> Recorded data
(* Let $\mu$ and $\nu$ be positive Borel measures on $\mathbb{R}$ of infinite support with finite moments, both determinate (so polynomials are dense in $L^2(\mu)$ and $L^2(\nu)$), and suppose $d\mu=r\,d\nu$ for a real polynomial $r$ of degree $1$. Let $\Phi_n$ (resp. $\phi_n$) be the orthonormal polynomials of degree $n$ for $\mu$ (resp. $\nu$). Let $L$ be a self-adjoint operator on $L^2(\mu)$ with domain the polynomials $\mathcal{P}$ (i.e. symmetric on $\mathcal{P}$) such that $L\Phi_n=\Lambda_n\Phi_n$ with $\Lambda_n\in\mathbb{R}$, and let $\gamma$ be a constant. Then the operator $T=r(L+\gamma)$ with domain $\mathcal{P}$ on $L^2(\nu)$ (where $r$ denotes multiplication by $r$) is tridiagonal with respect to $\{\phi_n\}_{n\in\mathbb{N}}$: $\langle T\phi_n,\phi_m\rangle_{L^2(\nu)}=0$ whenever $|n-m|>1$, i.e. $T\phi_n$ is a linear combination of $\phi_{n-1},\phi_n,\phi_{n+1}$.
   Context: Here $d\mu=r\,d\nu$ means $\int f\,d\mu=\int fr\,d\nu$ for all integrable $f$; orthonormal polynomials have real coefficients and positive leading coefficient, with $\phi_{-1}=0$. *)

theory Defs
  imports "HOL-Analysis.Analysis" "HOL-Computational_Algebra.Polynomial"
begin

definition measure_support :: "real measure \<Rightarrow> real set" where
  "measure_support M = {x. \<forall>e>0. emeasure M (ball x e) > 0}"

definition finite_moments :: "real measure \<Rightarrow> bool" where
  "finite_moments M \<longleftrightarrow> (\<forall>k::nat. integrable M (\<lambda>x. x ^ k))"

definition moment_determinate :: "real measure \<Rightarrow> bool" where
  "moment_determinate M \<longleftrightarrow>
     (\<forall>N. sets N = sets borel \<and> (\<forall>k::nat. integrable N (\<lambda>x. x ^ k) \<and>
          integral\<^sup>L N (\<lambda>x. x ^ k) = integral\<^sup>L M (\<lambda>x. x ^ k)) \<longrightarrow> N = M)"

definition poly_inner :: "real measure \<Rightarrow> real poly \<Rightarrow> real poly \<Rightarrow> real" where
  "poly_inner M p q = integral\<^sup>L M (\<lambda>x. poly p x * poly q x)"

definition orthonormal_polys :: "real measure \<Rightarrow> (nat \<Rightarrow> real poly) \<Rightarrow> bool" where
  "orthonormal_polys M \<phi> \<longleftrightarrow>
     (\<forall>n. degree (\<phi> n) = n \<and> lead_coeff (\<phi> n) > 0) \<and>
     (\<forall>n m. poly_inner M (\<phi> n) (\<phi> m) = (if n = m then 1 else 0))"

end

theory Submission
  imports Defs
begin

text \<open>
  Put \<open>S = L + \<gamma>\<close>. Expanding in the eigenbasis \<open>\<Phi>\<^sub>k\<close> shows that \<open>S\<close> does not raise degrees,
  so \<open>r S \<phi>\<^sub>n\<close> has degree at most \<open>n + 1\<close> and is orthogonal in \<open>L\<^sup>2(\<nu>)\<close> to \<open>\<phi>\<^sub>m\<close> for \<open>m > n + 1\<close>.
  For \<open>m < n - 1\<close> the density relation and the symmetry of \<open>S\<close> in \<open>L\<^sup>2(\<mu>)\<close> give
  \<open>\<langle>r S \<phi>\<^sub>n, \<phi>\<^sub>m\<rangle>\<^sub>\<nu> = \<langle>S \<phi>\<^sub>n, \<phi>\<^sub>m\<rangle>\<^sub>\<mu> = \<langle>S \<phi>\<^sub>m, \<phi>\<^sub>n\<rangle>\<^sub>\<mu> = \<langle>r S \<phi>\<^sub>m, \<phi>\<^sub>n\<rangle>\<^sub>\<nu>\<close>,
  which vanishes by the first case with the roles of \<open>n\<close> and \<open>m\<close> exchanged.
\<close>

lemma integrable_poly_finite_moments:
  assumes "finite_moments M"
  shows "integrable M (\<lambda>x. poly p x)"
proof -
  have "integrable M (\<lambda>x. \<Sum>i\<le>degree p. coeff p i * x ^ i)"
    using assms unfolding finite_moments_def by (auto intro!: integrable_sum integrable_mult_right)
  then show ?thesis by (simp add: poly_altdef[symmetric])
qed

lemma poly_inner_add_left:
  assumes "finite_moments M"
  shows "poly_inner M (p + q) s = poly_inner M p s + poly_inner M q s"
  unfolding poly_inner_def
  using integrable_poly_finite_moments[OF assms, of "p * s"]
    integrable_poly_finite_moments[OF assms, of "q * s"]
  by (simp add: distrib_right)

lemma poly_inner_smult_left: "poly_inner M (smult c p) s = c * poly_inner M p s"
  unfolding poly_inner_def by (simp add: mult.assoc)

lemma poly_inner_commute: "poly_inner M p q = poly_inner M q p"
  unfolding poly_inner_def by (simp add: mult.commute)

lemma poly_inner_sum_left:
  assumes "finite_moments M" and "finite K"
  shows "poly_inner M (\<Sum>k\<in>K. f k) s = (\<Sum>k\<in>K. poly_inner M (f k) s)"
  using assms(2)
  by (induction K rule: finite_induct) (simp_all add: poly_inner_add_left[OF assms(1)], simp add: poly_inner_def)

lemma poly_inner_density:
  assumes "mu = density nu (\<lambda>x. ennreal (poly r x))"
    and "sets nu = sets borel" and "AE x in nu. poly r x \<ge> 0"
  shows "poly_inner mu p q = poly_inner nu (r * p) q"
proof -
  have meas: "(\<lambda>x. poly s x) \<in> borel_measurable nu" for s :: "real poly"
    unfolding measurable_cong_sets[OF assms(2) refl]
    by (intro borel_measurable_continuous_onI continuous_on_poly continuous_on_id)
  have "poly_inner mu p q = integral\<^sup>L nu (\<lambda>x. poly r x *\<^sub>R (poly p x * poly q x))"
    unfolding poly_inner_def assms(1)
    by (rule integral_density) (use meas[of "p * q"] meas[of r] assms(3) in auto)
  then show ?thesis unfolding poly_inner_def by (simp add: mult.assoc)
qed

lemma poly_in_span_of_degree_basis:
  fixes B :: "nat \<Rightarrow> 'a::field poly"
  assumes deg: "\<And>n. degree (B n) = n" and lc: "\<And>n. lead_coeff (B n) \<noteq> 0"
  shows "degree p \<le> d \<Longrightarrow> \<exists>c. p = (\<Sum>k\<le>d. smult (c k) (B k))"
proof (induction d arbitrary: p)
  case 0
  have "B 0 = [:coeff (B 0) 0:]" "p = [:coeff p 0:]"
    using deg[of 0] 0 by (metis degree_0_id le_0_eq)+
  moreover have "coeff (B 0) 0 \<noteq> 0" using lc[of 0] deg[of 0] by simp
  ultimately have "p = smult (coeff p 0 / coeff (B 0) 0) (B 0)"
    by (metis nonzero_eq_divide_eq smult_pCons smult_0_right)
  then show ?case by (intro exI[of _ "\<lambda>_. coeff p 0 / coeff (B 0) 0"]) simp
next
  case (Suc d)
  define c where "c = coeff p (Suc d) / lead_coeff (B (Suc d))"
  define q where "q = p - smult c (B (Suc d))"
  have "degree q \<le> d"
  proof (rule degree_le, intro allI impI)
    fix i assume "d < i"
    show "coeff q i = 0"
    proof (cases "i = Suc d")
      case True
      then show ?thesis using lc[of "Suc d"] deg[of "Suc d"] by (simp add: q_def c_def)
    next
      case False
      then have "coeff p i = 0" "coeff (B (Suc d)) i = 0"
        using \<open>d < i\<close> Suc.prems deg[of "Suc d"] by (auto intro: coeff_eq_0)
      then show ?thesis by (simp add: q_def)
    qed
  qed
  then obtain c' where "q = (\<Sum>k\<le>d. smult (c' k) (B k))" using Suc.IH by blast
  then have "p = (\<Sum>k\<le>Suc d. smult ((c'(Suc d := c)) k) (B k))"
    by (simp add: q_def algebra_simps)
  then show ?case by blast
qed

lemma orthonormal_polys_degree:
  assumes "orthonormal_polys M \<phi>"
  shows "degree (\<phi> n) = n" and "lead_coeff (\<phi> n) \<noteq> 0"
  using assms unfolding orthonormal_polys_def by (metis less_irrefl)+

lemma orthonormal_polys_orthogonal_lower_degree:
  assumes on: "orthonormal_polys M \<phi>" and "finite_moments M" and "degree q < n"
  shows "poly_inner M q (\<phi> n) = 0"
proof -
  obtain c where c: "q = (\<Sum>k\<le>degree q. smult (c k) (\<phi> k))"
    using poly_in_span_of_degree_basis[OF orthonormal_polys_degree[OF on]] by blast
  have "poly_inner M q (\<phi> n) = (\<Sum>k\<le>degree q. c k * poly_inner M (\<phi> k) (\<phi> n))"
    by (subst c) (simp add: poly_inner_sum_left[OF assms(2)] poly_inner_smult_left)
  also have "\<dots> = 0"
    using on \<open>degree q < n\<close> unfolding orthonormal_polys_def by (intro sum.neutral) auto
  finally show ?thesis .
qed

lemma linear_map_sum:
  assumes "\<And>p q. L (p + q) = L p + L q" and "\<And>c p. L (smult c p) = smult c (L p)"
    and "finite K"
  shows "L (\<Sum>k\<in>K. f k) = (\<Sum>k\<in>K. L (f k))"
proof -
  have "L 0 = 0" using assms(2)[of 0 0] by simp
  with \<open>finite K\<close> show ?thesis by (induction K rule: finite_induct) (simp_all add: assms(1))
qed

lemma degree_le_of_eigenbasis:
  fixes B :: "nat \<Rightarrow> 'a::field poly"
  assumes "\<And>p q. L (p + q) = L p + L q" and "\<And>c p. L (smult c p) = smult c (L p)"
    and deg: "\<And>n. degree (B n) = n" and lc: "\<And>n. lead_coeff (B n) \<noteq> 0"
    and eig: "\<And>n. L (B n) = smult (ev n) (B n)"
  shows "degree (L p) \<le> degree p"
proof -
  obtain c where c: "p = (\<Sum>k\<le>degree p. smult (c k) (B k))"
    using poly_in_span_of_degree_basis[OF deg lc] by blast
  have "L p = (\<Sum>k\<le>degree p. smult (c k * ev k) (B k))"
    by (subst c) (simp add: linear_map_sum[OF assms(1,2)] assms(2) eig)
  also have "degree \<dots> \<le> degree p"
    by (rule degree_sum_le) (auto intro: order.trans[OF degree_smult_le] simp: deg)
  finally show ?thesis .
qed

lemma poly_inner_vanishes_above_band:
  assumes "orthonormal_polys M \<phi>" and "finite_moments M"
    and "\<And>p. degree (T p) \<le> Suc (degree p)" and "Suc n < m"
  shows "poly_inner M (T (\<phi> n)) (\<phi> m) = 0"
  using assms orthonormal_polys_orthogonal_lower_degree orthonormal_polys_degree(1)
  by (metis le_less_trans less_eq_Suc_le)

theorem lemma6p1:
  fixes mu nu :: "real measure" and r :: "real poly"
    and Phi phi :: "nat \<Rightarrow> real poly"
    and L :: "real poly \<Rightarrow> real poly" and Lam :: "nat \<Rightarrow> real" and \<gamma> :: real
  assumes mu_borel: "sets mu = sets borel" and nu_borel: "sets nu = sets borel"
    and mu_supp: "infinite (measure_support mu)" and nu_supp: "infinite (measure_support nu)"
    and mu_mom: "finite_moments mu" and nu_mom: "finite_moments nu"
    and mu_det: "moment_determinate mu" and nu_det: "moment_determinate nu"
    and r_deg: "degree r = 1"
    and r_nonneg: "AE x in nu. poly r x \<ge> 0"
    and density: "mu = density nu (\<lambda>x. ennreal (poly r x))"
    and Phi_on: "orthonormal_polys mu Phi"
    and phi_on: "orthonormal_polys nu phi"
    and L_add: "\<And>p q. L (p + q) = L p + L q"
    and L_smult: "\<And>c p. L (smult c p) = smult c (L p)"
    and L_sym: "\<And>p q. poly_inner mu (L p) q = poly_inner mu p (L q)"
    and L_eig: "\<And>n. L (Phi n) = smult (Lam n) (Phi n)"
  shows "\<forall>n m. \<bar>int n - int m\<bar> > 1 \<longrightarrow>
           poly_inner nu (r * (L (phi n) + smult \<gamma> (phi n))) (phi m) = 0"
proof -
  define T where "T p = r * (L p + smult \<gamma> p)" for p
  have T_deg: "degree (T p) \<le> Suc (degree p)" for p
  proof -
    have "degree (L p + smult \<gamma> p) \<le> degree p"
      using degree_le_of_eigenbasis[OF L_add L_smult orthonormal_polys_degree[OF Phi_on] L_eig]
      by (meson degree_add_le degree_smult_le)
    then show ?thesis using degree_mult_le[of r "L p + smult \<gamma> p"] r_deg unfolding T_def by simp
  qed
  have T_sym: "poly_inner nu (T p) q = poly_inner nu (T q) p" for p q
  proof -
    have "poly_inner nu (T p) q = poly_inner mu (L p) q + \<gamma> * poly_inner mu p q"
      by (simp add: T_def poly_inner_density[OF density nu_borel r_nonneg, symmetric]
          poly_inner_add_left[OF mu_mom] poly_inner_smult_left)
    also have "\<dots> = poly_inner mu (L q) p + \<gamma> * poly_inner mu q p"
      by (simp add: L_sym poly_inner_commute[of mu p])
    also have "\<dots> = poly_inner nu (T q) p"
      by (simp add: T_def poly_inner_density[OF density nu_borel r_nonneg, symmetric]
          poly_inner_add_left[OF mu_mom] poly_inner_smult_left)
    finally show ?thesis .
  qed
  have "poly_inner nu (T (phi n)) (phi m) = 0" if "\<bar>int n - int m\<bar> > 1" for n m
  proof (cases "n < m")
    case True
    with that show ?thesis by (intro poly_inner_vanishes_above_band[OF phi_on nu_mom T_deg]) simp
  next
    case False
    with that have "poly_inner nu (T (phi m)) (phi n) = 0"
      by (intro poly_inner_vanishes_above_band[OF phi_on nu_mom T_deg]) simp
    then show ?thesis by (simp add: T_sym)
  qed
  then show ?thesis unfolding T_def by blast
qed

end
---
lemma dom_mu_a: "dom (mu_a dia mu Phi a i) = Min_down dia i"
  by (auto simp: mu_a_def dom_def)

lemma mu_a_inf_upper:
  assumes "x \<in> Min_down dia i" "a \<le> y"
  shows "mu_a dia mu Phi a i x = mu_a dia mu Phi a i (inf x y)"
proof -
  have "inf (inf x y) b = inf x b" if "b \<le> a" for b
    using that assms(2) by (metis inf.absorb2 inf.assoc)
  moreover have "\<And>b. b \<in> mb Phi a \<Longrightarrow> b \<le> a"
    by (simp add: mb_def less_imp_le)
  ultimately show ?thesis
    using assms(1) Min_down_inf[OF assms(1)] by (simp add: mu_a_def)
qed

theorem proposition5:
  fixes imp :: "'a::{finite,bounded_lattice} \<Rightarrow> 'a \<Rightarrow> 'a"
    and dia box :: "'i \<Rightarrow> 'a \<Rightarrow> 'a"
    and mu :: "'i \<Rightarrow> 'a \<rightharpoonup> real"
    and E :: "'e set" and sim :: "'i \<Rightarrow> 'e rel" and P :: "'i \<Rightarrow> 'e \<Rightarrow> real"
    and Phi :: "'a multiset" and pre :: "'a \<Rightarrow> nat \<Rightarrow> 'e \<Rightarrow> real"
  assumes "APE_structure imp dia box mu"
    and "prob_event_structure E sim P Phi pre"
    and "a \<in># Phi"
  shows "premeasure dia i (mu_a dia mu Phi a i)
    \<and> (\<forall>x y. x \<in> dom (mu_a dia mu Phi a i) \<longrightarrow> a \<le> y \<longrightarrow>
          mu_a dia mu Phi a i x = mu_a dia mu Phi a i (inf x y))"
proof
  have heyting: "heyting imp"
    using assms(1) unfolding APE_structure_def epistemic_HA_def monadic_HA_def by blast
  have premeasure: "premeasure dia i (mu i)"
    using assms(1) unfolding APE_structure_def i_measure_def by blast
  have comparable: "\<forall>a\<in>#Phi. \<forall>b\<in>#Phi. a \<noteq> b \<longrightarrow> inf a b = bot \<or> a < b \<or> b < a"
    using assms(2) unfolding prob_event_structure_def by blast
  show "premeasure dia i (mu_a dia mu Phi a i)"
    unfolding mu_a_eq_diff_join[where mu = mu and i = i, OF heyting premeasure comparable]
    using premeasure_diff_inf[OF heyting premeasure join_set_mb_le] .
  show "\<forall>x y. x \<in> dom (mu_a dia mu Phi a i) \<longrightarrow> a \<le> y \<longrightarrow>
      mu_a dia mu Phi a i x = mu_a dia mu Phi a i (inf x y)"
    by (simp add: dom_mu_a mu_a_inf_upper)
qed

> PROBLEM DESCRIPTION
Your answer must be the lines above from the one containing "then show ?thesis by (simp add: q_def)" to the one containing "n) = (\<Sum>k\<le>degree", both included, restated word for word.

> ANSWER SECTION
      then show ?thesis by (simp add: q_def)
    qed
  qed
  then obtain c' where "q = (\<Sum>k\<le>d. smult (c' k) (B k))" using Suc.IH by blast
  then have "p = (\<Sum>k\<le>Suc d. smult ((c'(Suc d := c)) k) (B k))"
    by (simp add: q_def algebra_simps)
  then show ?case by blast
qed

lemma orthonormal_polys_degree:
  assumes "orthonormal_polys M \<phi>"
  shows "degree (\<phi> n) = n" and "lead_coeff (\<phi> n) \<noteq> 0"
  using assms unfolding orthonormal_polys_def by (metis less_irrefl)+

lemma orthonormal_polys_orthogonal_lower_degree:
  assumes on: "orthonormal_polys M \<phi>" and "finite_moments M" and "degree q < n"
  shows "poly_inner M q (\<phi> n) = 0"
proof -
  obtain c where c: "q = (\<Sum>k\<le>degree q. smult (c k) (\<phi> k))"
    using poly_in_span_of_degree_basis[OF orthonormal_polys_degree[OF on]] by blast
  have "poly_inner M q (\<phi> n) = (\<Sum>k\<le>degree q. c k * poly_inner M (\<phi> k) (\<phi> n))"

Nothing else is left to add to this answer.